Illinois Bar Authority

Illinois State Bar Association. Voluntary bar. The Illinois Attorney Registration and Disciplinary Commission handles mandatory registration separately.

Bar association website

Illinois Federal and Business Courts

Federal districts: N.D. Ill., C.D. Ill., S.D. Ill.

Business court: Circuit Court of Cook County Commercial Calendar (established 1993) Chicago-based commercial calendar handles complex business disputes in Cook County. Illinois Freedom to Work Act (820 ILCS 90) governs non-compete and non-solicitation agreements.

Illinois M&A Market Context

Chicago is a top-five U.S. M&A market, with particular strength in financial services, food and consumer products, and industrial manufacturing transactions.

Watchpoints

Common Barrington Purchase Agreement Law Pitfalls

These are the items we see derail purchase agreement law transactions in the Barrington market. Each one is rooted in current statutory law, recent legislative changes, or recurring patterns from the deals Alex has handled.

1

Illinois non-compete enforcement and earn-out exposure

State legal framework

Restricted by salary threshold ($75,000+). Mandatory 14-day review period.

"The conversation you're avoiding today becomes the lawsuit you're defending tomorrow."
Alex Lubyansky · Alex LinkedIn Published (Notion library)
2

Barrington local regulatory exposure

Local regulatory

Illinois has a Business Corporation Act with specific merger notification requirements. Chicago imposes a transaction tax on certain securities trades executed through Chicago exchanges.

3

Illinois regulatory framework attorneys flag at LOI

State statute

Securities regulated by Illinois Securities Department within the Office of the Secretary of State (ilsos.gov/securities). Illinois has a robust Blue Sky framework; Reg D notice filings required. Illinois is an active state enforcement jurisdiction.

Other Purchase Agreement Attorney Service Areas Near Barrington

Acquisition Stars represents clients across Illinois and nationwide.

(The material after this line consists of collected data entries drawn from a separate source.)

lemma eventually_at_right_in_cball_inward:
  fixes c w e :: "'a::real_inner"
  assumes "dist c w \<le> s" "e \<bullet> (w - c) < 0"
  shows "\<forall>\<^sub>F th in at_right 0. w + th *\<^sub>R e \<in> cball c s"
  unfolding eventually_at_right_field
proof (intro exI conjI allI impI)
  have "e \<noteq> 0" using assms(2) by auto
  then show "0 < - 2 * (e \<bullet> (w - c)) / (norm e)\<^sup>2" using assms(2) by (simp add: divide_neg_pos)
  fix th :: real assume "0 < th" "th < - 2 * (e \<bullet> (w - c)) / (norm e)\<^sup>2"
  then have "2 * (e \<bullet> (w - c)) + th * (norm e)\<^sup>2 < 0"
    using \<open>e \<noteq> 0\<close> by (simp add: field_simps)
  then have "th * (2 * (e \<bullet> (w - c)) + th * (norm e)\<^sup>2) < 0"
    by (rule mult_pos_neg[OF \<open>0 < th\<close>])
  then have "(norm (w - c + th *\<^sub>R e))\<^sup>2 \<le> s\<^sup>2"
    using norm_add_scaleR_squared[of "w - c" th e] assms(1) power_mono[of "dist c w" s 2]
    by (simp add: dist_norm norm_minus_commute power2_eq_square algebra_simps)
  then have "norm (w - c + th *\<^sub>R e) \<le> s"
    using assms(1) zero_le_dist[of c w] by (simp add: power2_le_iff_abs_le)
  then show "w + th *\<^sub>R e \<in> cball c s" by (simp add: dist_norm norm_minus_commute algebra_simps)
qed

lemma nonneg_multiple_if_positive_halfspace_subset:
  fixes v b :: "'a::real_inner"
  assumes "v \<noteq> 0" and halfspace: "\<And>e. e \<bullet> v > 0 \<Longrightarrow> e \<bullet> b \<ge> 0"
  shows "\<exists>k\<ge>0. b = k *\<^sub>R v"
proof -
  define k where "k = (b \<bullet> v) / (v \<bullet> v)"
  define q where "q = b - k *\<^sub>R v"
  have vv: "0 < v \<bullet> v" using assms(1) by simp
  have "q \<bullet> v = 0" using vv by (simp add: q_def k_def inner_diff_left)
  have "k \<ge> 0" using halfspace[of v] vv by (simp add: k_def inner_commute)
  moreover have "q = 0"
  proof (rule ccontr)
    assume "q \<noteq> 0"
    define e where "e = v - ((k * (v \<bullet> v) + 1) / (q \<bullet> q)) *\<^sub>R q"
    have "e \<bullet> v = v \<bullet> v" using \<open>q \<bullet> v = 0\<close> by (simp add: e_def inner_diff_left)
    moreover have "e \<bullet> b = -1"
    proof -
      have "e \<bullet> q = v \<bullet> q - ((k * (v \<bullet> v) + 1) / (q \<bullet> q)) * (q \<bullet> q)"
        unfolding e_def inner_diff_left inner_scaleR_left ..
      also have "\<dots> = - (k * (v \<bullet> v) + 1)"
        using \<open>q \<noteq> 0\<close> \<open>q \<bullet> v = 0\<close> by (simp add: inner_commute)
      finally have "e \<bullet> q = - (k * (v \<bullet> v) + 1)" .
      moreover have "b = k *\<^sub>R v + q" by (simp add: q_def)
      ultimately show ?thesis
        using \<open>e \<bullet> v = v \<bullet> v\<close> by (simp add: inner_add_right)
    qed
    ultimately show False using halfspace[of e] vv by simp
  qed
  ultimately show ?thesis by (auto simp: q_def)
qed

lemma deformation_retracts_onto_straight_line:
  fixes f :: "'a::euclidean_space \<Rightarrow> 'a"
  assumes "Y \<subseteq> X" "continuous_on X f" "f \<in> X \<rightarrow> Y" "\<And>y. y \<in> Y \<Longrightarrow> f y = y"
    and segment: "\<And>x. x \<in> X \<Longrightarrow> closed_segment x (f x) \<subseteq> X"
  shows "deformation_retracts_onto X Y"
proof -
  define H where "H = (\<lambda>z. (1 - fst z) *\<^sub>R snd z + fst z *\<^sub>R f (snd z))"
  have "continuous_on ({0..1} \<times> X) H"
    unfolding H_def by (intro continuous_intros continuous_on_compose2[OF assms(2)]) auto
  moreover have "H \<in> ({0..1} \<times> X) \<rightarrow> X"
    using segment by (force simp: H_def closed_segment_def)
  ultimately have "continuous_map (prod_topology (top_of_set {0..1}) (top_of_set X)) (top_of_set X) H"
    by (simp add: prod_topology_subtopology subtopology_subtopology Times_Int_Times
        euclidean_product_topology continuous_map_subtopology_eu image_subset_iff_funcset)
  then have "homotopic_with_canon (\<lambda>h. \<forall>y \<in> Y. h y = y) X X id f"
    unfolding homotopic_with_def using assms(4) by (intro exI[of _ H]) (auto simp: H_def)
  moreover have "retraction X Y f" using assms(1-4) by (simp add: retraction_def)
  ultimately show ?thesis unfolding deformation_retracts_onto_def by blast
qed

Alex Lubyansky handles every engagement personally.

Don't see your city? View all Purchase Agreement Attorney service areas or contact us directly.

Attorney perspective on purchase agreement attorney matters in Barrington

Alex Lubyansky, Managing Partner at Acquisition Stars
"Most deals collapse not from insurmountable issues but from participants who quit at the first setback."
Alex Lubyansky, Senior Counsel On deal fatigue (principle) (Alex LinkedIn Published (Notion library))

15+ years of M&A and securities transaction experience Senior counsel on every engagement Admitted in Michigan, practicing nationwide

Reviewed by Alex Lubyansky on . Read full bio

Ready to Talk About Your Barrington Deal?

Alex Lubyansky handles every engagement personally. Tell us about your transaction and we will let you know if there is a fit.

Request Engagement Assessment

Tell us about your deal. We review every submission and respond within one business day.

Your information is kept strictly confidential and will never be shared. Privacy Policy

One attorney on every deal. Nationwide. 15+ years of M&A experience.